Outside of reliability issues caused by out-of-memory crashes, I was worried about the price of this AWS setup. Looking at my monthly charges I’d spent ~$300 on EC2 and associated costs (EBS, bandwidth):

The Merge

Clearly unsustainable. The expected income for a solo staker is ~0.003 ETH per day. This translates to ~$12-$15 / month at the current ETH prices. I’m not in this for the money, but I’m not willing to lose hundreds of dollars a month to AWS.

Home? Sweet Home.

I ended up re-purposing an Intel NUC desktop I wasn’t really using. I reformatted its 2TB SSD, installed a fresh Ubuntu on it, and ran geth + prysm on it.

In less than 72hrs I was caught up to the chain tip. I haven’t suffered from reliability issues since.
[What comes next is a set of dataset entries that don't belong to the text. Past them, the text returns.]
(* Let $m,n,k$ be positive integers. Let $X_1,X_2,\ldots,X_k$ be pairwise disjoint subsets of $[m]$ and let $Y_1,Y_2,\ldots,Y_k$ be subsets of $[n]$. Label all functions $f:[m]\to[n]$ arbitrarily as $f_1,f_2,\ldots,f_{n^m}$, and form the $k\times n^m$ matrix $B=(b_{ij})$ with $b_{ij}=1$ if $f_j(X_i)=Y_i$ and $b_{ij}=0$ otherwise. Then the number $N$ of columns of $B$ all of whose entries are $0$ is $$N=\sum_{I\subseteq [k]}(-1)^{|I|}B(I),\qquad\text{where}\qquad B(I)=n^{|[m]\setminus \bigcup_{i\in I}X_i|}\cdot \prod_{i\in I}|Y_i|!\,S(|X_i|,|Y_i|),$$ and the sum runs over all subsets $I$ of $[k]$.
   Context: $[n]=\{1,\ldots,n\}$; $|X|$ is the cardinality of $X$; $S(a,b)$ denotes the Stirling number of the second kind. *)

theory Defs
  imports Main "HOL-Library.FuncSet" "HOL-Combinatorics.Stirling"
begin

definition funs :: "nat \<Rightarrow> nat \<Rightarrow> (nat \<Rightarrow> nat) set" where
  "funs m n = {1..m} \<rightarrow>\<^sub>E {1..n}"

end

theory Submission
  imports Defs "HOL-Library.Disjoint_Sets"
begin

text \<open>A column of the matrix vanishes exactly when its function \<open>f\<close> satisfies none of the
  conditions \<open>f ` X i = Y i\<close>, so \<open>N\<close> is an inclusion-exclusion sum over the sets \<open>I\<close> of
  conditions. Since the \<open>X i\<close> are disjoint, a function meeting the conditions in \<open>I\<close> is the
  same as a choice of a surjection \<open>X i \<rightarrow> Y i\<close> for each \<open>i \<in> I\<close>, of which there are
  \<open>|Y i|! S(|X i|, |Y i|)\<close>, together with an arbitrary function on the remaining points.\<close>

lemma int_card_none_inclusion_exclusion:
  assumes "finite K" "finite F"
  shows "int (card {x\<in>F. \<forall>i\<in>K. \<not> P i x}) =
     (\<Sum>I\<in>Pow K. (-1) ^ card I * int (card {x\<in>F. \<forall>i\<in>I. P i x}))"
proof -
  interpret Incl_Excl finite "int \<circ> card"
    by unfold_locales (auto simp: card_Un_disjnt)
  define A where "A i = {x\<in>F. P i x}" for i
  have finA: "finite (A i)" for i
    using assms(2) by (simp add: A_def)
  have "int (card {x\<in>F. \<forall>i\<in>K. \<not> P i x}) = int (card (F - \<Union>(A ` K)))"
    by (rule arg_cong[where f = "\<lambda>S. int (card S)"]) (auto simp: A_def)
  also have "\<dots> = int (card F) - int (card (\<Union>(A ` K)))"
  proof -
    have "\<Union>(A ` K) \<subseteq> F" by (auto simp: A_def)
    then show ?thesis
      using assms(2) by (simp add: card_Diff_subset finite_subset card_mono of_nat_diff)
  qed
  also have "int (card (\<Union>(A ` K))) =
      (\<Sum>I | I \<subseteq> K \<and> I \<noteq> {}. (-1) ^ (card I + 1) * int (card (\<Inter>(A ` I))))"
    using restricted_indexed[OF assms(1) finA] by simp
  also have "\<dots> = - (\<Sum>I\<in>Pow K - {{}}. (-1) ^ card I * int (card {x\<in>F. \<forall>i\<in>I. P i x}))"
  proof -
    have "\<Inter>(A ` I) = {x\<in>F. \<forall>i\<in>I. P i x}" if "I \<noteq> {}" for I
      using that by (auto simp: A_def)
    moreover have "{I. I \<subseteq> K \<and> I \<noteq> {}} = Pow K - {{}}" by auto
    ultimately show ?thesis by (simp add: sum_negf)
  qed
  also have "int (card F) - - (\<Sum>I\<in>Pow K - {{}}. (-1) ^ card I * int (card {x\<in>F. \<forall>i\<in>I. P i x})) =
      (\<Sum>I\<in>Pow K. (-1) ^ card I * int (card {x\<in>F. \<forall>i\<in>I. P i x}))"
    using assms(1) by (simp add: sum.remove[of "Pow K" "{}"])
  finally show ?thesis .
qed

lemma bij_betw_PiE_insert:
  assumes "x \<notin> A"
  shows "bij_betw (\<lambda>f. (f x, f(x := undefined))) (insert x A \<rightarrow>\<^sub>E B) (B \<times> (A \<rightarrow>\<^sub>E B))"
proof (rule bij_betw_byWitness[where f' = "\<lambda>(y, g). g(x := y)"])
  show "\<forall>p\<in>B \<times> (A \<rightarrow>\<^sub>E B). (\<lambda>f. (f x, f(x := undefined))) (case p of (y, g) \<Rightarrow> g(x := y)) = p"
  proof
    fix p assume "p \<in> B \<times> (A \<rightarrow>\<^sub>E B)"
    then obtain y g where p: "p = (y, g)" and g: "g \<in> A \<rightarrow>\<^sub>E B" by blast
    have "g x = undefined" using g assms by (rule PiE_arb)
    then show "(\<lambda>f. (f x, f(x := undefined))) (case p of (y, g) \<Rightarrow> g(x := y)) = p"
      unfolding p by (simp add: fun_upd_idem)
  qed
  show "(\<lambda>f. (f x, f(x := undefined))) ` (insert x A \<rightarrow>\<^sub>E B) \<subseteq> B \<times> (A \<rightarrow>\<^sub>E B)"
    using assms by (auto intro: fun_upd_in_PiE)
  show "(\<lambda>(y, g). g(x := y)) ` (B \<times> (A \<rightarrow>\<^sub>E B)) \<subseteq> insert x A \<rightarrow>\<^sub>E B"
    by (simp add: PiE_insert_eq)
qed simp

lemma bij_betw_PiE_split:
  assumes "A \<subseteq> D"
  shows "bij_betw (\<lambda>f. (restrict f A, restrict f (D - A)))
           (D \<rightarrow>\<^sub>E B) ((A \<rightarrow>\<^sub>E B) \<times> ((D - A) \<rightarrow>\<^sub>E B))"
proof (rule bij_betw_byWitness[where f' = "\<lambda>(g, h) z. if z \<in> A then g z else h z"])
  show "\<forall>f\<in>D \<rightarrow>\<^sub>E B. (case (restrict f A, restrict f (D - A)) of
      (g, h) \<Rightarrow> \<lambda>z. if z \<in> A then g z else h z) = f"
  proof
    fix f assume f: "f \<in> D \<rightarrow>\<^sub>E B"
    have "(\<lambda>z. if z \<in> A then restrict f A z else restrict f (D - A) z) = f"
      using PiE_arb[OF f] assms by (auto simp: fun_eq_iff)
    then show "(case (restrict f A, restrict f (D - A)) of
        (g, h) \<Rightarrow> \<lambda>z. if z \<in> A then g z else h z) = f" by simp
  qed
  show "\<forall>p\<in>(A \<rightarrow>\<^sub>E B) \<times> ((D - A) \<rightarrow>\<^sub>E B). (\<lambda>f. (restrict f A, restrict f (D - A)))
      (case p of (g, h) \<Rightarrow> \<lambda>z. if z \<in> A then g z else h z) = p"
  proof
    fix p assume "p \<in> (A \<rightarrow>\<^sub>E B) \<times> ((D - A) \<rightarrow>\<^sub>E B)"
    then obtain g h where p: "p = (g, h)" and g: "g \<in> A \<rightarrow>\<^sub>E B" and h: "h \<in> D - A \<rightarrow>\<^sub>E B"
      by blast
    have "restrict (\<lambda>z. if z \<in> A then g z else h z) A = g"
      using PiE_arb[OF g] by auto
    moreover have "restrict (\<lambda>z. if z \<in> A then g z else h z) (D - A) = h"
      using PiE_arb[OF h] by auto
    ultimately show "(\<lambda>f. (restrict f A, restrict f (D - A)))
        (case p of (g, h) \<Rightarrow> \<lambda>z. if z \<in> A then g z else h z) = p"
      unfolding p by simp
  qed
  show "(\<lambda>f. (restrict f A, restrict f (D - A))) ` (D \<rightarrow>\<^sub>E B) \<subseteq> (A \<rightarrow>\<^sub>E B) \<times> ((D - A) \<rightarrow>\<^sub>E B)"
    using assms by auto
  show "(\<lambda>(g, h) z. if z \<in> A then g z else h z) ` ((A \<rightarrow>\<^sub>E B) \<times> ((D - A) \<rightarrow>\<^sub>E B)) \<subseteq> D \<rightarrow>\<^sub>E B"
    using assms by (auto dest: PiE_arb)
qed
(* For any constellation $[\mathbb{X},\mathbb{P}]$ (natural binary code labeling, bit probabilities $P_{C_k}(0)\in(0,1)$), the low-GMI parameters $[\boldsymbol{\mu},E_s,\alpha]$ of $[\mathbb{X},\mathbb{P}]$ are equal to the low-GMI parameters of the constellation $[\mathring{\mathbb{X}},\mathbb{U}_m]$, where $\mathring{\mathbb{X}}$ is the transform of $\mathbb{X}$ with respect to the bit probabilities of $\mathbb{P}$ and $\mathbb{U}_m$ is the uniform distribution.
   Context: Let $m\ge1$, $M=2^m$, $N\ge1$. For $0\le i\le M-1$, $n_{i,k}\in\{0,1\}$ is the $k$-th bit of $i$ ($i=\sum_k n_{i,k}2^k$), and $\bar b=1-b$. A constellation $[\mathbb{X},\mathbb{P}]$ consists of an alphabet $\mathbb{X}$ with rows $\boldsymbol{x}_0,\ldots,\boldsymbol{x}_{M-1}\in\mathbb{R}^N$, symbol $\boldsymbol{x}_i$ carrying the label $(n_{i,0},\ldots,n_{i,m-1})$, and distribution $P_i=\prod_kP_{C_k}(n_{i,k})$ determined by bit probabilities $P_{C_k}(0)$, $P_{C_k}(1)=1-P_{C_k}(0)$; i.e. independent bits $C_k$ with $\Pr(C_k=u)=P_{C_k}(u)$ select $\boldsymbol{X}=\boldsymbol{x}_i$, $i=\sum_kC_k2^k$. $\mathbb{U}_m$ is the case $P_{C_k}(0)=1/2$ for all $k$ (all $P_i=1/M$). The transform $\mathring{\mathbb{X}}$ has rows $\mathring{\boldsymbol{x}}_i=\sum_j\boldsymbol{x}_j\gamma_{i,j}\sqrt{P_j}$ with $\gamma_{i,j}=\prod_{k}\big[(-1)^{\bar n_{i,k}n_{j,k}}\sqrt{P_{C_k}(0)}+(-1)^{n_{i,k}\bar n_{j,k}}\sqrt{P_{C_k}(1)}\big]$. Channel: $\boldsymbol{Y}=\boldsymbol{H}\circ\boldsymbol{X}+\boldsymbol{Z}$, $\boldsymbol{Z}$ zero-mean Gaussian with variance $N_0/2$ per dimension, $\boldsymbol{H}$ real fading vector with common marginal pdf $p_H$, known at the receiver (standard regularity conditions assumed). $\mathrm{SNR}=\mathbb{E}[H^2]E_s/N_0$. BICM-GMI: $I(\mathrm{SNR})=\sum_kI(C_k;\boldsymbol{Y}\mid\boldsymbol{H})$ in bits, as a function of SNR. Low-GMI parameters: $\boldsymbol{\mu}=\mathbb{E}[\boldsymbol{X}]$, $E_s=\mathbb{E}[\|\boldsymbol{X}\|^2]$, $\alpha=\frac{dI}{d\,\mathrm{SNR}}\big|_{\mathrm{SNR}=0}$. *)

theory Defs
  imports "HOL-Analysis.Analysis" "HOL-Probability.Probability"
begin

text \<open>Natural binary code: k-th bit of symbol index i.\<close>
definition nbit :: "nat \<Rightarrow> nat \<Rightarrow> nat" where
  "nbit i k = (i div 2 ^ k) mod 2"

definition bitprob :: "(nat \<Rightarrow> real) \<Rightarrow> nat \<Rightarrow> nat \<Rightarrow> real" where
  "bitprob p k u = (if u = 0 then p k else 1 - p k)"

definition symprob :: "nat \<Rightarrow> (nat \<Rightarrow> real) \<Rightarrow> nat \<Rightarrow> real" where
  "symprob m p i = (\<Prod>k<m. bitprob p k (nbit i k))"

definition uniform_bits :: "nat \<Rightarrow> real" where
  "uniform_bits k = 1 / 2"

definition gamma_coef :: "nat \<Rightarrow> (nat \<Rightarrow> real) \<Rightarrow> nat \<Rightarrow> nat \<Rightarrow> real" where
  "gamma_coef m p i j = (\<Prod>k<m.
      (-1) ^ ((1 - nbit i k) * nbit j k) * sqrt (p k)
    + (-1) ^ (nbit i k * (1 - nbit j k)) * sqrt (1 - p k))"

definition transform :: "nat \<Rightarrow> (nat \<Rightarrow> real) \<Rightarrow> (nat \<Rightarrow> real ^ 'n) \<Rightarrow> nat \<Rightarrow> real ^ 'n" where
  "transform m p x i = (\<Sum>j<2 ^ m. (gamma_coef m p i j * sqrt (symprob m p j)) *\<^sub>R x j)"

definition mean_sym :: "nat \<Rightarrow> (nat \<Rightarrow> real) \<Rightarrow> (nat \<Rightarrow> real ^ 'n) \<Rightarrow> real ^ 'n" where
  "mean_sym m p x = (\<Sum>i<2 ^ m. symprob m p i *\<^sub>R x i)"

definition energy_sym :: "nat \<Rightarrow> (nat \<Rightarrow> real) \<Rightarrow> (nat \<Rightarrow> real ^ 'n) \<Rightarrow> real" where
  "energy_sym m p x = (\<Sum>i<2 ^ m. symprob m p i * (norm (x i))\<^sup>2)"

text \<open>Channel transition density p(y | X = xv, H = h), noise variance N0/2 per dimension.\<close>
definition gauss_ch :: "real \<Rightarrow> real ^ 'n \<Rightarrow> real ^ 'n \<Rightarrow> real ^ 'n \<Rightarrow> real" where
  "gauss_ch N0 h xv y = (\<Prod>n\<in>UNIV. exp (- ((y $ n - h $ n * xv $ n)\<^sup>2) / N0) / sqrt (pi * N0))"

definition out_dens :: "nat \<Rightarrow> (nat \<Rightarrow> real) \<Rightarrow> (nat \<Rightarrow> real ^ 'n) \<Rightarrow> real
    \<Rightarrow> real ^ 'n \<Rightarrow> real ^ 'n \<Rightarrow> real" where
  "out_dens m p x N0 h y = (\<Sum>i<2 ^ m. symprob m p i * gauss_ch N0 h (x i) y)"

definition cond_dens :: "nat \<Rightarrow> (nat \<Rightarrow> real) \<Rightarrow> (nat \<Rightarrow> real ^ 'n) \<Rightarrow> real
    \<Rightarrow> nat \<Rightarrow> nat \<Rightarrow> real ^ 'n \<Rightarrow> real ^ 'n \<Rightarrow> real" where
  "cond_dens m p x N0 k u h y =
     (\<Sum>i\<in>{i. i < 2 ^ m \<and> nbit i k = u}. symprob m p i * gauss_ch N0 h (x i) y) / bitprob p k u"

text \<open>I(C_k; Y | H) in bits, H distributed according to HD (independent of X).\<close>
definition bit_mi :: "nat \<Rightarrow> (nat \<Rightarrow> real) \<Rightarrow> (nat \<Rightarrow> real ^ 'n) \<Rightarrow> real
    \<Rightarrow> (real ^ 'n) measure \<Rightarrow> nat \<Rightarrow> real" where
  "bit_mi m p x N0 HD k =
     (\<integral>h. (\<Sum>u\<in>{0, 1}. bitprob p k u *
        (\<integral>y. cond_dens m p x N0 k u h y *
               log 2 (cond_dens m p x N0 k u h y / out_dens m p x N0 h y) \<partial>lborel)) \<partial>HD)"

definition bicm_gmi :: "nat \<Rightarrow> (nat \<Rightarrow> real) \<Rightarrow> (nat \<Rightarrow> real ^ 'n) \<Rightarrow> real
    \<Rightarrow> (real ^ 'n) measure \<Rightarrow> real" where
  "bicm_gmi m p x N0 HD = (\<Sum>k<m. bit_mi m p x N0 HD k)"

definition sec_moment :: "(real \<Rightarrow> real) \<Rightarrow> real" where
  "sec_moment pH = (\<integral>t. t\<^sup>2 * pH t \<partial>lborel)"

text \<open>GMI as a function of SNR = E[H^2] E_s / N0; value 0 at SNR = 0.\<close>
definition gmi_of_snr :: "nat \<Rightarrow> (nat \<Rightarrow> real) \<Rightarrow> (nat \<Rightarrow> real ^ 'n) \<Rightarrow> real
    \<Rightarrow> (real ^ 'n) measure \<Rightarrow> real \<Rightarrow> real" where
  "gmi_of_snr m p x EH2 HD snr =
     (if snr \<le> 0 then 0 else bicm_gmi m p x (EH2 * energy_sym m p x / snr) HD)"

definition low_gmi_alpha :: "nat \<Rightarrow> (nat \<Rightarrow> real) \<Rightarrow> (nat \<Rightarrow> real ^ 'n) \<Rightarrow> real
    \<Rightarrow> (real ^ 'n) measure \<Rightarrow> real \<Rightarrow> bool" where
  "low_gmi_alpha m p x EH2 HD a \<longleftrightarrow>
     (gmi_of_snr m p x EH2 HD has_real_derivative a) (at 0 within {0..})"

end

theory Submission
  imports Defs
begin

(* The coefficients gamma_ij of the transform factor bit by bit, and for every bit the 2 x 2 matrix
   of factors is sqrt 2 times an orthogonal matrix.  Averaging the transformed alphabet over the
   uniform distribution therefore reproduces the mean and the energy of [X, P].

   For the slope alpha, N0 times the mutual information of bit k (given the fading h) tends, as
   N0 -> oo, to  sum_u P_k(u) ||h * (E[X | C_k = u] - mu)||^2 / ln 2:  the relative entropy of each
   conditional Gaussian mixture from the Gaussian at its mean is squeezed between 0 and its
   chi^2-divergence, which is o(1/N0).  Dominated convergence over the fading gives
   alpha = sum_k ||R_k||^2 / (E_s ln 2)  with the bit contrast
   R_k = sqrt (P_k(0) P_k(1)) (E[X | C_k = 0] - E[X | C_k = 1]) = sum_j P_j rho_k(j_k) x_j,
   and rho_k is +1 or -1 for uniform bits, which makes R_k invariant under the transform as well. *)

section \<open>Natural binary code\<close>

lemma nbit_0_or_1: "nbit i k = 0 \<or> nbit i k = 1"
  unfolding nbit_def by presburger

lemma nbit_eq_0_if_less_pow:
  assumes "i < 2 ^ m" and "m \<le> k"
  shows "nbit i k = 0"
proof -
  have "i < 2 ^ k"
    using assms by (meson less_le_trans one_le_numeral power_increasing)
  then show ?thesis by (simp add: nbit_def)
qed

lemma nbit_add_pow:
  assumes "i < 2 ^ m"
  shows "nbit (i + 2 ^ m) k = (if k = m then 1 else nbit i k)"
proof (cases "k < m")
  case True
  have "(2::nat) ^ m = 2 ^ k * (2 * 2 ^ (m - k - 1))"
    using True by (simp flip: power_add power_Suc)
  then have "(i + 2 ^ m) div 2 ^ k = i div 2 ^ k + 2 * 2 ^ (m - k - 1)" by simp
  then show ?thesis using True by (simp add: nbit_def)
next
  case False
  have "i + 2 ^ m < 2 ^ Suc m" using assms by simp
  moreover have "m < k \<Longrightarrow> (2::nat) ^ Suc m \<le> 2 ^ k" by (intro power_increasing) auto
  ultimately show ?thesis
    using False assms by (cases "k = m") (auto simp: nbit_def)
qed
lemma sqrt_balanced_margin_le:
  fixes m R L q k c :: real
  assumes m: "1 \<le> m" and R: "1 \<le> R" and L: "1 \<le> L" and q: "0 \<le> q" "q \<le> m * L"
    and kc: "0 \<le> k" "0 \<le> c"
  defines "r \<equiv> R powr (2/3) / m powr (1/3)"
  shows "sqrt (k * (m * r) + c * m powr (1/3) + sqrt q + R\<^sup>2 / r\<^sup>2) / sqrt m
     \<le> sqrt (k + c + 2) * R powr (1/3) * L powr (1/4) / m powr (1/6)"
proof -
  define u s l where "u = m powr (1/6)" and "s = R powr (1/3)" and "l = L powr (1/4)"
  have u: "1 \<le> u" "m = u ^ 6" "sqrt m = u ^ 3" "m powr (1/3) = u\<^sup>2"
    using power_sixths[OF m] by (simp_all add: u_def)
  have s: "1 \<le> s"
    using power_thirds[OF R] by (simp add: s_def)
  have l: "1 \<le> l" "L = l ^ 4"
    using L powr_divide_eq_power[of L 4 4] by (simp_all add: l_def ge_one_powr_ge_zero)
  define P where "P = s\<^sup>2 * u ^ 4 * l\<^sup>2"
  note dominant = le_dominant_monomial[OF u(1) s l(1), folded P_def]
  have "q \<le> (u ^ 3 * l\<^sup>2)\<^sup>2"
    using q by (simp add: u(2) l(2) power_mult_distrib flip: power_mult)
  then have "sqrt q \<le> u ^ 3 * l\<^sup>2"
    using u(1) by (intro real_le_lsqrt) auto
  moreover have terms: "m * r = s\<^sup>2 * u ^ 4" "R\<^sup>2 / r\<^sup>2 = s\<^sup>2 * u ^ 4"
    using balanced_margin_terms[OF m R, folded r_def s_def u_def] by simp_all
  moreover have "k * (m * r) \<le> k * P" "c * m powr (1/3) \<le> c * P"
    using kc dominant(1,3) by (simp_all add: terms u(4) mult_left_mono)
  ultimately have "k * (m * r) + c * m powr (1/3) + sqrt q + R\<^sup>2 / r\<^sup>2 \<le> (k + c + 2) * P"
    using dominant(2,3) by (simp add: algebra_simps)
  also have "\<dots> = (sqrt (k + c + 2) * (s * u\<^sup>2 * l))\<^sup>2"
    using kc by (simp add: P_def power_mult_distrib flip: power_mult)
  finally have "sqrt (k * (m * r) + c * m powr (1/3) + sqrt q + R\<^sup>2 / r\<^sup>2)
      \<le> sqrt (k + c + 2) * (s * u\<^sup>2 * l)"
    using u(1) s l(1) kc by (intro real_le_lsqrt) auto
  then have "sqrt (k * (m * r) + c * m powr (1/3) + sqrt q + R\<^sup>2 / r\<^sup>2) / sqrt m
      \<le> sqrt (k + c + 2) * (s * u\<^sup>2 * l) / u ^ 3"
    unfolding u(3) using u(1) by (intro divide_right_mono) auto
  also have "\<dots> = sqrt (k + c + 2) * s * l / u"
    using u(1) by (simp add: field_simps eval_nat_numeral)
  finally show ?thesis
    by (simp add: u_def s_def l_def)
qed

section \<open>Rows with small margin\<close>

lemma whp_card_small_margin_le:
  fixes x :: "real^'d::finite" and r \<delta> :: real
  assumes x: "x \<noteq> 0" and r: "0 < r" and \<delta>: "0 < \<delta>" "\<delta> \<le> 1"
  shows "whp (gaussian_matrix m) (1 - \<delta>)
    (\<lambda>W. card {j. j < m \<and> \<bar>row_dot W j x\<bar> \<le> r * norm x} \<le> m * r + sqrt (m * ln (1 / \<delta>) / 2))"
proof -
  interpret prob_space "gaussian_matrix m :: (nat \<times> 'd \<Rightarrow> real) measure"
    by (rule prob_space_gaussian_matrix)
  let ?Q = "{v :: real^'d. \<bar>v \<bullet> x\<bar> \<le> r * norm x}"
  have "closed ?Q"
    by (intro closed_Collect_le continuous_intros)
  moreover have "prob {W \<in> space (gaussian_matrix m). mat_row W j \<in> ?Q} \<le> r" if "j < m" for j
    using prob_abs_inner_gaussian_row_le[OF that x, of "r * norm x"] x r by simp
  ultimately have "whp (gaussian_matrix m) (1 - \<delta>)
      (\<lambda>W. card {j. j < m \<and> mat_row W j \<in> ?Q} \<le> m * r + sqrt (m * ln (1 / \<delta>) / 2))"
    using \<delta> by (intro whp_card_le_Hoeffding[OF indep_vars_gaussian_matrix_rows]) (auto intro: borel_closed)
  then show ?thesis
    by (simp add: row_dot_eq_inner)
qed

lemma unit_ball_finite_net:
  fixes N :: nat
  assumes N: "0 < N"
  obtains G :: "(real^'d::finite) set"
  where "finite G" "card G \<le> (2 * N + 1) ^ CARD('d)"
    "\<And>x. norm x \<le> 1 \<Longrightarrow> \<exists>g\<in>G. norm (x - g) \<le> sqrt CARD('d) / (2 * N)"
proof -
  let ?P = "Pi\<^sub>E (UNIV :: 'd set) (\<lambda>_. {- int N..int N})"
  define G where "G = (\<lambda>f. \<chi> i. of_int (f i) / N) ` ?P"
  have "finite ?P"
    by (intro finite_PiE) auto
  then have fin: "finite G" and "card G \<le> card ?P"
    unfolding G_def by (auto intro: card_image_le)
  moreover have "card ?P = (2 * N + 1) ^ CARD('d)"
    by (simp add: card_PiE nat_add_distrib nat_mult_distrib)
  ultimately have card: "card G \<le> (2 * N + 1) ^ CARD('d)"
    by simp
  have net: "\<exists>g\<in>G. norm (x - g) \<le> sqrt CARD('d) / (2 * N)" if x: "norm x \<le> 1" for x :: "real^'d"
  proof
    define f where "f i = round (x $ i * N)" for i
    define g :: "real^'d" where "g = (\<chi> i. of_int (f i) / N)"
    have "- int N \<le> f i \<and> f i \<le> int N" for i
    proof -
      have "\<bar>x $ i * N\<bar> \<le> N"
        using order.trans[OF component_le_norm_cart x] by (simp add: abs_mult mult_left_le_one_le)
      then have "- int N \<le> \<lfloor>x $ i * N\<rfloor>" "\<lceil>x $ i * N\<rceil> \<le> int N"
        by (simp_all add: le_floor_iff ceiling_le_iff abs_le_iff)
      then show ?thesis
        unfolding f_def using floor_le_round ceiling_ge_round order.trans by metis
    qed
    then show "g \<in> G"
      unfolding G_def g_def by (intro imageI) (simp add: PiE_iff)
    have "((x - g) $ i)\<^sup>2 \<le> (1 / (2 * N))\<^sup>2" for i
    proof -
      have "\<bar>(x - g) $ i\<bar> = \<bar>of_int (f i) - x $ i * N\<bar> / N"
        using N by (simp add: g_def field_simps abs_minus_commute)
      also have "\<dots> \<le> (1/2) / N"
        unfolding f_def by (intro divide_right_mono of_int_round_abs_le) simp
      finally show ?thesis
        using power_mono[of "\<bar>(x - g) $ i\<bar>" "1 / (2 * N)" 2] by simp
    qed
    then have "norm (x - g) \<le> sqrt (\<Sum>i\<in>(UNIV :: 'd set). (1 / (2 * N))\<^sup>2)"
      unfolding norm_vec_def L2_set_def by (intro real_sqrt_le_mono sum_mono) simp
    also have "\<dots> = sqrt CARD('d) / (2 * N)"
      by (simp add: real_sqrt_mult real_sqrt_divide)
    finally show "norm (x - g) \<le> sqrt CARD('d) / (2 * N)" .
  qed
  from fin card net show ?thesis
    by (rule that)
qed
One thing to note if you’re trying to sync from scratch: use Checkpoint Sync (provider list here) to let geth sync without waiting on your beacon node. Concretely, add the following to your beacon node start command: --checkpoint-sync-url=https://sync-mainnet.beaconcha.in (or any other Checkpoint Sync provider you trust)

Looking forward

I’m quite happy to have my ETH validator humming along next to me, with no reliance on AWS or my former VPS provider. We’ll see how reliable this setup is long-term.

Going through this made me realize that being offline as a validator isn’t that costly. ETH staking was engineered with solo stakers in mind. The penalty for missing an attestation has the same amount than the reward for successfully attesting.

After doing some more research it seems possible to run an EL+CL combo on cheap hardware. This is what AllNodes claim. I’m also interested to see what Unpool.fi does: as a solo staker, I’d love to use their upcoming EL+CL API as a crutch when I perform maintenance on my own node.

Thanks for reading, and good luck out there!